Впрочем, именно в «Тарасе Бульбе» к контексту религии от искусства добавляется еще и предельно ценимая немецкими романтиками религия любви. Потому что, в понимании йенских романтиков и, в частности, Новалиса, любовь являет собой важнейшую составляющую религиозного чувства (утверждение, в котором на самом деле отчетливо проглядывает наследие гернгутеров и философии Спинозы). Любовь, объединяющая мужчину и женщину, мыслится как антропологический вариант отношений, в структуре которых Божественное в своей сотериологической основе обретает роль образца. В этот контекст вписывается и опыт силы любви, преодолевающей смерть, который, например, Новалисом был воплощен в фигуре его возлюбленной, ставшей в «Гимнах к ночи» земным воплощением божественной Софии и посреднической фигурой, ведущей ко Христу.

В «Тарасе Бульбе», по сравнению с «Ночью перед Рождеством», акцент в этом плане смещается: не рифмовка, не уравнивание живой и картинной мадонны (Оксаны и мадонны на картине, увиденной Вакулой), но — в определенном смысле — высказываемое предпочтение: место «стертой мадонны» занимает мадонна живая (прекрасная полячка), к которой Андрий испытывает благоговейное чувство. Здесь как раз и возникает у Гоголя тема силы любви, преодолевающей смерть, но также и обожествление возлюбленной, которое оказывается сродни религиозному чувству.

Параллельно эта же высокая романтическая тема любви, преодолевающей смерть, развивается Гоголем и в «Старосветских помещиках», нельзя сказать, чтобы пародийно, но скорее в духе той самой романтической иронии, одновременно созидающей и разрушающей, которую так прокламировали романтики (вспомним, что мотив этот был спародирован уже внутри раннего немецкого романтизма в «Ночных дозорах» Бонавентуры).
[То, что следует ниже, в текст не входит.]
lemma minimal_witnesses_disjoint:
  assumes min: "minimal_d_connecting V E K x y p Q"
    and ci: "collider E p i" and cj: "collider E p j" and ij: "i < j"
  shows "set (Q (p ! i)) \<inter> set (Q (p ! j)) = {}"
proof (rule ccontr)
  let ?q1 = "Q (p ! i)" and ?q2 = "Q (p ! j)"
  assume "set ?q1 \<inter> set ?q2 \<noteq> {}"
  then obtain a b where a: "a < length ?q1" and b: "b < length ?q2" "?q2 ! b = ?q1 ! a"
    and first: "set (take a ?q1) \<inter> set ?q2 = {}"
    by (rule first_common_element) auto
  have conn: "d_connecting V E K x y p Q" using min by (simp add: minimal_d_connecting_def)
  then have q1: "directed_path_to V E K (p ! i) ?q1" and q2: "directed_path_to V E K (p ! j) ?q2"
    using ci cj by (simp_all add: d_connecting_def)
  have pd: "distinct p" using conn by (simp add: d_connecting_def path_between_def is_path_def)
  have jn: "j < length p" using collider_imp_Suc_less[OF cj] by simp
  have "a \<noteq> 0"
  proof
    assume "a = 0"
    then have "?q2 ! b = p ! i"
      using a b(2) q1 by (auto simp: directed_path_to_def is_directed_path_def hd_conv_nth)
    then have "p ! i \<in> set ?q2 \<inter> set p"
      using b(1) ij jn by (metis IntI nth_mem order.strict_trans)
    then show False
      using minimal_witness_meets_path_only_at_collider[OF min cj] pd ij jn
        nth_eq_iff_index_eq[of p i j] by auto
  qed
  let ?outer = "set (take i p @ drop (Suc j) p)"
  have "set ?q1 \<inter> ?outer = {}" "set ?q2 \<inter> ?outer = {}"
    using minimal_witness_avoids_outside_segment[OF min] ci cj ij jn by simp_all
  then have "set (take a ?q1 @ ?q1 ! a # rev (take b ?q2)) \<inter> ?outer = {}"
    using a b by (auto dest: in_set_takeD intro: nth_mem)
  moreover have "distinct (take a ?q1 @ ?q1 ! a # rev (take b ?q2))"
  proof -
    have "distinct (take a ?q1 @ [?q1 ! a])" "distinct (take b ?q2 @ [?q2 ! b])"
      using q1 q2 a b(1) by (simp_all add: directed_path_to_def is_directed_path_def
          flip: take_Suc_conv_app_nth)
    then show ?thesis using first b(2) by (auto dest: in_set_takeD)
  qed
  moreover have "take b ?q2 @ [?q1 ! a] = take (Suc b) ?q2"
    using b by (simp add: take_Suc_conv_app_nth)
  with q2 have "is_directed_path V E (take b ?q2 @ [?q1 ! a])" "hd (take b ?q2 @ [?q1 ! a]) = p ! j"
    by (simp_all add: directed_path_to_def is_directed_path_take)
  moreover have "set (take a ?q1) \<inter> K = {}" "set (take b ?q2) \<inter> K = {}"
    using minimal_witness_avoids_K[OF min] ci cj a b(1) by blast+
  moreover have "?q1 = take a ?q1 @ ?q1 ! a # drop (Suc a) ?q1" "take a ?q1 \<noteq> []"
    using a \<open>a \<noteq> 0\<close> by (auto simp: id_take_nth_drop)
  ultimately show False
    using shortcut_not_minimal[OF conn ij jn ci, of "take a ?q1" "?q1 ! a" "drop (Suc a) ?q1" "take b ?q2"]
      min cj b(1) by simp
qed

end

theorem lemma6p2:
  fixes V :: "'a set" and E :: "('a \<times> 'a) set" and K :: "'a set" and x y :: 'a
  assumes "is_dag V E" and "x \<in> V" and "y \<in> V" and "K \<subseteq> V"
    and "\<not> d_separates V E K x y"
  shows "\<exists>p. path_between V E x y p
    \<and> (\<forall>i. non_collider E p i \<longrightarrow> p ! i \<notin> K)
    \<and> (\<exists>q :: nat \<Rightarrow> 'a list.
         (\<forall>i. collider E p i \<longrightarrow>
             is_directed_path V E (q i) \<and> hd (q i) = p ! i \<and> last (q i) \<in> K
             \<and> set (q i) \<inter> set p = {p ! i})
       \<and> (\<forall>i j. collider E p i \<and> collider E p j \<and> i \<noteq> j \<longrightarrow>
             set (q i) \<inter> set (q j) = {}))"
proof -
  interpret dag V E by unfold_locales (rule assms(1))
  obtain p Q where min: "minimal_d_connecting V E K x y p Q"
    using minimal_d_connecting_exists assms(4,5) by blast
  then have conn: "d_connecting V E K x y p Q" by (simp add: minimal_d_connecting_def)
  show ?thesis
  proof (intro exI conjI)
    show "path_between V E x y p" "\<forall>i. non_collider E p i \<longrightarrow> p ! i \<notin> K"
      using conn by (simp_all add: d_connecting_def)
    show "\<forall>i. collider E p i \<longrightarrow> is_directed_path V E (Q (p ! i)) \<and> hd (Q (p ! i)) = p ! i
        \<and> last (Q (p ! i)) \<in> K \<and> set (Q (p ! i)) \<inter> set p = {p ! i}"
      using conn minimal_witness_meets_path_only_at_collider[OF min]
      by (simp add: d_connecting_def directed_path_to_def)
    show "\<forall>i j. collider E p i \<and> collider E p j \<and> i \<noteq> j \<longrightarrow>
        set (Q (p ! i)) \<inter> set (Q (p ! j)) = {}"
      using minimal_witnesses_disjoint[OF min] by (metis Int_commute linorder_neqE_nat)
  qed
qed

end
Отметим любопытный факт. При том, что тема двойственной природы женщины, наличия в ней одновременно божественного и дьявольского начала, Гоголю более чем близка, однако в сопряжении с религиозной мыслью об искусстве она у него не появляется даже в том контексте, где легко могла бы появиться. Так, уже давно замечено, что наиболее непосредственным сюжетным импульсом гоголевского «Портрета» был роман Э. Т. А. Гофмана «Эликсиры сатаны»16. Но как раз у Гофмана, преодолевшего утопию раннего йенского романтизма, женщина одновременно и приближает художника к религиозному служению искусству, и уводит от него, в результате чего и само религиозное искусство приобретает исключительно дуалистический характер. У Гоголя же, использующего фабулу гофмановского романа, контекст святой Розалии — женского двойственного начала — совершенно уходит: крах художника в «Портрете» не имеет любовного контекста и перемещается в сферу утраты самим художником внутреннего религиозного чувства. При этом, разумеется, сохраняется присущее и Гофману представление о художнике как проводнике божественного начала.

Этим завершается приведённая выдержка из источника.